Les élèves l’écoutent attentivement, il y est question d’un loup qui mange un innocent agneau après l’avoir accusé de plusieurs choses.
Le loup sermonne d’abord le pauvre petit animal et lui dit qu’à cause de lui l’eau de la rivière est troublée et qu’il ne peut plus boire une eau claire. L’agneau se défend, prouve sa bonne foi en expliquant qu’il se désaltère très loin du loup, et qu’il ne le gêne pas.
Le loup l’accuse ensuite d’avoir dit du mal de lui l’année d’avant et d’avoir été irrespectueux, mais le petit agneau n’était même pas né à cette période.
Enfin il explique que de toute façon, les agneaux et les moutons, sans oublier les bergers et leurs chiens lui rendent la vie impossible.
Pur conclure la conversation, l’animal sauvage se jette sur l’agneau et l’emporte pour le dévorer dans la forêt.
Pierre l’un des élèves semble attristé et surtout ne comprend pas très bien pourquoi cette fable se finit aussi mal : « D’habitude les poésies sont plus joyeuses… ».
La maîtresse explique qu’une fable est un type bien précis de texte. A l’époque où elle a été écrite, il était compliqué de critiquer par exemple le roi ou les nobles ou leurs comportements inacceptables, et c’est pour cela que Jean de la Fontaine mettait en scène des animaux.
Après quelques instants, les élèves posent de nombreuses questions.
« Maitresse, pourquoi est-ce que la fable commence par la raison du plus fort est toujours la meilleure ?
- Le loup est le plus fort de l’histoire ? C’est bien cela ?
- Pourtant il accuse l’agneau à tort et finit par le manger. Pourquoi avoir trouvé autant d’excuses ?
- Il n’avait qu’à le manger immédiatement !
- Cela veut dire que si on est fort on a forcément raison et que l’on a tous les droits ? »
Mme Pétronille explique la morale de cette histoire contenue dans la phrase débutant la fable. L’auteur voulait expliquer que nombre de comportements inacceptables de son époque comme l’exploitation de la misère par les riches, les procès qui donnaient raisons aux nobles et aux puissants étaient nombreux.
Ce n’était pas toujours la justice qui l’emportait, mais plutôt le pouvoir et la richesse. À l’époque, l’auteur ne pouvait pas dire franchement que tous ces comportements l’horrifiaient et le mettaient en colère, ainsi il espérait instruire les hommes, les amener au changement en mettant en scène des animaux.

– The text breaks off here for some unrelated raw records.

lemma card_sumset_mono: "finite B \<Longrightarrow> A \<subseteq> B \<Longrightarrow> card (sumset A) \<le> card (sumset B)"
  by (simp add: card_mono finite_sumset sumset_mono)

lemma sumset_uminus: "sumset (uminus ` A) = uminus ` sumset A"
proof
  show "sumset (uminus ` A) \<subseteq> uminus ` sumset A"
    unfolding sumset_def by (auto intro!: image_eqI[where x = "_ + _"])
  show "uminus ` sumset A \<subseteq> sumset (uminus ` A)"
    unfolding sumset_def by force
qed

lemma card_sumset_uminus: "card (sumset (uminus ` A)) = card (sumset A)"
  by (simp add: sumset_uminus card_image)

lemma sum_odd_numbers: "(\<Sum>t<k. 2 * t + 1) = (k::nat)^2"
  by (induction k) (simp_all add: power2_eq_square)

lemma sum_square_layer_cake:
  fixes f :: "'a \<Rightarrow> nat"
  assumes L: "finite L" and bound: "\<And>l. l \<in> L \<Longrightarrow> f l \<le> N"
  shows "(\<Sum>l\<in>L. f l ^ 2) = (\<Sum>t<N. (2 * t + 1) * card {l \<in> L. t < f l})"
proof -
  have "f l ^ 2 = (\<Sum>t<N. if t < f l then 2 * t + 1 else 0)" if "l \<in> L" for l
  proof -
    have "{t \<in> {..<N}. t < f l} = {..<f l}" using bound[OF that] by auto
    then have "(\<Sum>t<N. if t < f l then 2 * t + 1 else 0) = (\<Sum>t<f l. 2 * t + 1)"
      by (simp only: sum.inter_filter[symmetric] finite_lessThan)
    then show ?thesis by (simp only: sum_odd_numbers)
  qed
  then have "(\<Sum>l\<in>L. f l ^ 2) = (\<Sum>l\<in>L. \<Sum>t<N. if t < f l then 2 * t + 1 else 0)"
    by simp
  also have "\<dots> = (\<Sum>t<N. \<Sum>l\<in>L. if t < f l then 2 * t + 1 else 0)"
    by (rule sum.swap)
  also have "\<dots> = (\<Sum>t<N. (2 * t + 1) * card {l \<in> L. t < f l})"
    using L by (simp add: sum.inter_filter[symmetric] mult.commute)
  finally show ?thesis .
qed

lemma harm_le_one_plus_ln: "n > 0 \<Longrightarrow> harm n \<le> 1 + ln (real n)"
  using euler_mascheroni_sequence_decreasing[of 1 n] by (simp add: harm_def)

lemma odd_times_one_plus_div_square_le:
  fixes P :: real
  assumes "P \<ge> 0"
  shows "(2 * real t + 1) * (1 + P / (real t + 1) ^ 2) \<le> (2 * real t + 1) + 2 * P * inverse (real t + 1)"
proof -
  have "real t + 1 > 0" by (simp add: add_pos_nonneg)
  then have "2 * inverse (real t + 1) * (real t + 1) ^ 2 = 2 * (real t + 1)"
    by (simp add: power2_eq_square field_simps)
  then have "(2 * real t + 1) / (real t + 1) ^ 2 \<le> 2 * inverse (real t + 1)"
    by (subst pos_divide_le_eq) (simp_all add: add_pos_nonneg)
  from mult_left_mono[OF this assms]
  have "(2 * real t + 1) + P * ((2 * real t + 1) / (real t + 1) ^ 2)
      \<le> (2 * real t + 1) + P * (2 * inverse (real t + 1))"
    by (rule add_left_mono)
  then show ?thesis by (simp add: algebra_simps)
qed

lemma card_shifted_value_pairs:
  fixes f :: "'a \<Rightarrow> 'b::ab_group_add"
  assumes "finite U"
  shows "card {(p, q). p \<in> U \<and> q \<in> U \<and> f p = f q + c}
           = (\<Sum>y\<in>f ` U. card {u \<in> U. f u = y + c} * card {u \<in> U. f u = y})"
proof -
  have "{(p, q). p \<in> U \<and> q \<in> U \<and> f p = f q + c}
      = (\<Union>y\<in>f ` U. {u \<in> U. f u = y + c} \<times> {u \<in> U. f u = y})"
    by auto
  also have "card \<dots> = (\<Sum>y\<in>f ` U. card ({u \<in> U. f u = y + c} \<times> {u \<in> U. f u = y}))"
    by (rule card_UN_disjoint) (use assms in auto)
  finally show ?thesis by (simp only: card_cartesian_product)
qed

lemma card_shifted_value_pairs_le:
  fixes f :: "'a \<Rightarrow> 'b::ab_group_add"
  assumes U: "finite U"
  shows "card {(p, q). p \<in> U \<and> q \<in> U \<and> f p = f q + c}
           \<le> card {(p, q). p \<in> U \<and> q \<in> U \<and> f p = f q}"
proof -
  define g where "g y = real (card {u \<in> U. f u = y})" for y
  define Y where "Y = f ` U"
  have "finite Y" using U unfolding Y_def by simp
  have shift: "(\<Sum>y\<in>Y. g (y + c) ^ 2) \<le> (\<Sum>y\<in>Y. g y ^ 2)"
  proof -
    have "(\<Sum>y\<in>Y. g (y + c) ^ 2) = (\<Sum>z\<in>(\<lambda>y. y + c) ` Y. g z ^ 2)"
      by (simp add: sum.reindex inj_on_def)
    also have "\<dots> = (\<Sum>z\<in>(\<lambda>y. y + c) ` Y \<inter> Y. g z ^ 2)"
      using \<open>finite Y\<close> unfolding g_def Y_def
      by (intro sum.mono_neutral_right) (auto simp: card_gt_0_iff, metis image_eqI)
    also have "\<dots> \<le> (\<Sum>y\<in>Y. g y ^ 2)"
      using \<open>finite Y\<close> by (intro sum_mono2) auto
    finally show ?thesis .
  qed
  have "2 * real (card {(p, q). p \<in> U \<and> q \<in> U \<and> f p = f q + c}) = (\<Sum>y\<in>Y. 2 * g (y + c) * g y)"
    unfolding card_shifted_value_pairs[OF U] g_def Y_def by (simp add: sum_distrib_left mult.assoc)
  also have "\<dots> \<le> (\<Sum>y\<in>Y. g (y + c) ^ 2 + g y ^ 2)"
    by (intro sum_mono sum_squares_bound)
  also have "\<dots> \<le> 2 * (\<Sum>y\<in>Y. g y ^ 2)"
    using shift by (simp add: sum.distrib)
  also have "\<dots> = 2 * real (card {(p, q). p \<in> U \<and> q \<in> U \<and> f p = f q})"
    using card_shifted_value_pairs[OF U, of f 0] unfolding g_def Y_def by (simp add: power2_eq_square)
  finally show ?thesis by simp
qed

section \<open>Points on lines through the origin\<close>

definition line_points :: "real set \<Rightarrow> real set \<Rightarrow> real \<Rightarrow> (real \<times> real) set" where
  "line_points B D l = {(x, y). x \<in> B \<and> y \<in> D \<and> y = l * x}"

lemma line_points_subset_graph: "line_points B D l \<subseteq> (\<lambda>x. (x, l * x)) ` B"
  unfolding line_points_def by auto

lemma finite_line_points: "finite B \<Longrightarrow> finite (line_points B D l)"
  by (meson finite_imageI finite_subset line_points_subset_graph)

lemma card_line_points_le: "finite B \<Longrightarrow> card (line_points B D l) \<le> card B"
  by (meson card_image_le card_mono finite_imageI line_points_subset_graph order_trans)

lemma line_points_mono: "D \<subseteq> D' \<Longrightarrow> line_points B D l \<subseteq> line_points B D' l"
  unfolding line_points_def by auto

lemma slope_of_sum_between:
  fixes x y l m :: real
  assumes "x > 0" "y > 0" "l < m"
  shows "l < (l * x + m * y) / (x + y)" "(l * x + m * y) / (x + y) < m"
  using assms by (simp_all add: field_simps)

lemma two_lines_sum_inj:
  fixes l m :: real
  assumes "l \<noteq> m" "x + y = x' + y'" "l * x + m * y = l * x' + m * y'"
  shows "x = x'" "y = y'"
proof -
  have "x = x' + y' - y" using assms(2) by linarith
  then have "l * (x' + y' - y) + m * y = l * x' + m * y'"
    using assms(3) by simp
  then have "(m - l) * y = (m - l) * y'"
    by (simp add: algebra_simps)
  then show "y = y'" using assms(1) by simp
  then show "x = x'" using assms(2) by simp
qed

lemma Min_greater:
  fixes L :: "'a::linorder set"
  assumes "finite L" "l \<in> L" "l \<noteq> Max L"
  shows "Min {k \<in> L. l < k} \<in> L" "l < Min {k \<in> L. l < k}"
    "\<And>k. k \<in> L \<Longrightarrow> l < k \<Longrightarrow> Min {k \<in> L. l < k} \<le> k"
proof -
  have "l < Max L" using assms by (simp add: order_le_neq_trans)
  then have "{k \<in> L. l < k} \<noteq> {}" using assms Max_in by blast
  moreover have "finite {k \<in> L. l < k}" using assms(1) by simp
  ultimately have "Min {k \<in> L. l < k} \<in> {k \<in> L. l < k}" by (rule Min_in[rotated])
  then show "Min {k \<in> L. l < k} \<in> L" "l < Min {k \<in> L. l < k}" by simp_all
  show "Min {k \<in> L. l < k} \<le> k" if "k \<in> L" "l < k" for k
    using that assms(1) by (intro Min_le) simp_all
qed

(* A point of abscissa x1 > 0 on the line of slope l plus one of abscissa x2 > 0 on the line of
   slope m > l lies in the open cone between the two lines. For consecutive slopes these cones are
   disjoint, so the sum determines l, and then both summands. *)
lemma sums_on_consecutive_lines_inj:
  fixes l l' :: real and succ :: "real \<Rightarrow> real"
  assumes "l < succ l" "l' < succ l'"
    and consecutive: "l < l' \<Longrightarrow> succ l \<le> l'" "l' < l \<Longrightarrow> succ l' \<le> l"
    and pos: "x1 > 0" "x2 > 0" "y1 > 0" "y2 > 0"
    and sums: "x1 + x2 = y1 + y2" "l * x1 + succ l * x2 = l' * y1 + succ l' * y2"
  shows "l = l'" "x1 = y1" "x2 = y2"
proof -
  define s where "s = (l * x1 + succ l * x2) / (x1 + x2)"
  have "l < s" "s < succ l"
    using slope_of_sum_between[of x1 x2 l "succ l"] pos assms(1) unfolding s_def by auto
  moreover have "l' < s" "s < succ l'"
    using slope_of_sum_between[of y1 y2 l' "succ l'"] pos assms(2) sums unfolding s_def by auto
  ultimately show "l = l'"
    using consecutive by (cases l l' rule: linorder_cases) fastforce+
  then show "x1 = y1" "x2 = y2"
    using two_lines_sum_inj[of l "succ l" x1 x2 y1 y2] assms(1) sums by auto
qed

Malgré les explications de la maîtresse, certains élèves se posent encore beaucoup de questions.
« Est-ce encore comme ça de nos jours ? S’inquiète alors Paul.
- Pas trop en Suisse, mais dans d’autres pays, ça existe sûrement, ajoute Théodore, un autre élève.
- Effectivement, dans de nombreuses situations des gens puissants ou riches, des dirigeants de certains pays abusent de leur pouvoir et se comportent comme le loup de la fable… » Soupire Mme Pétronille.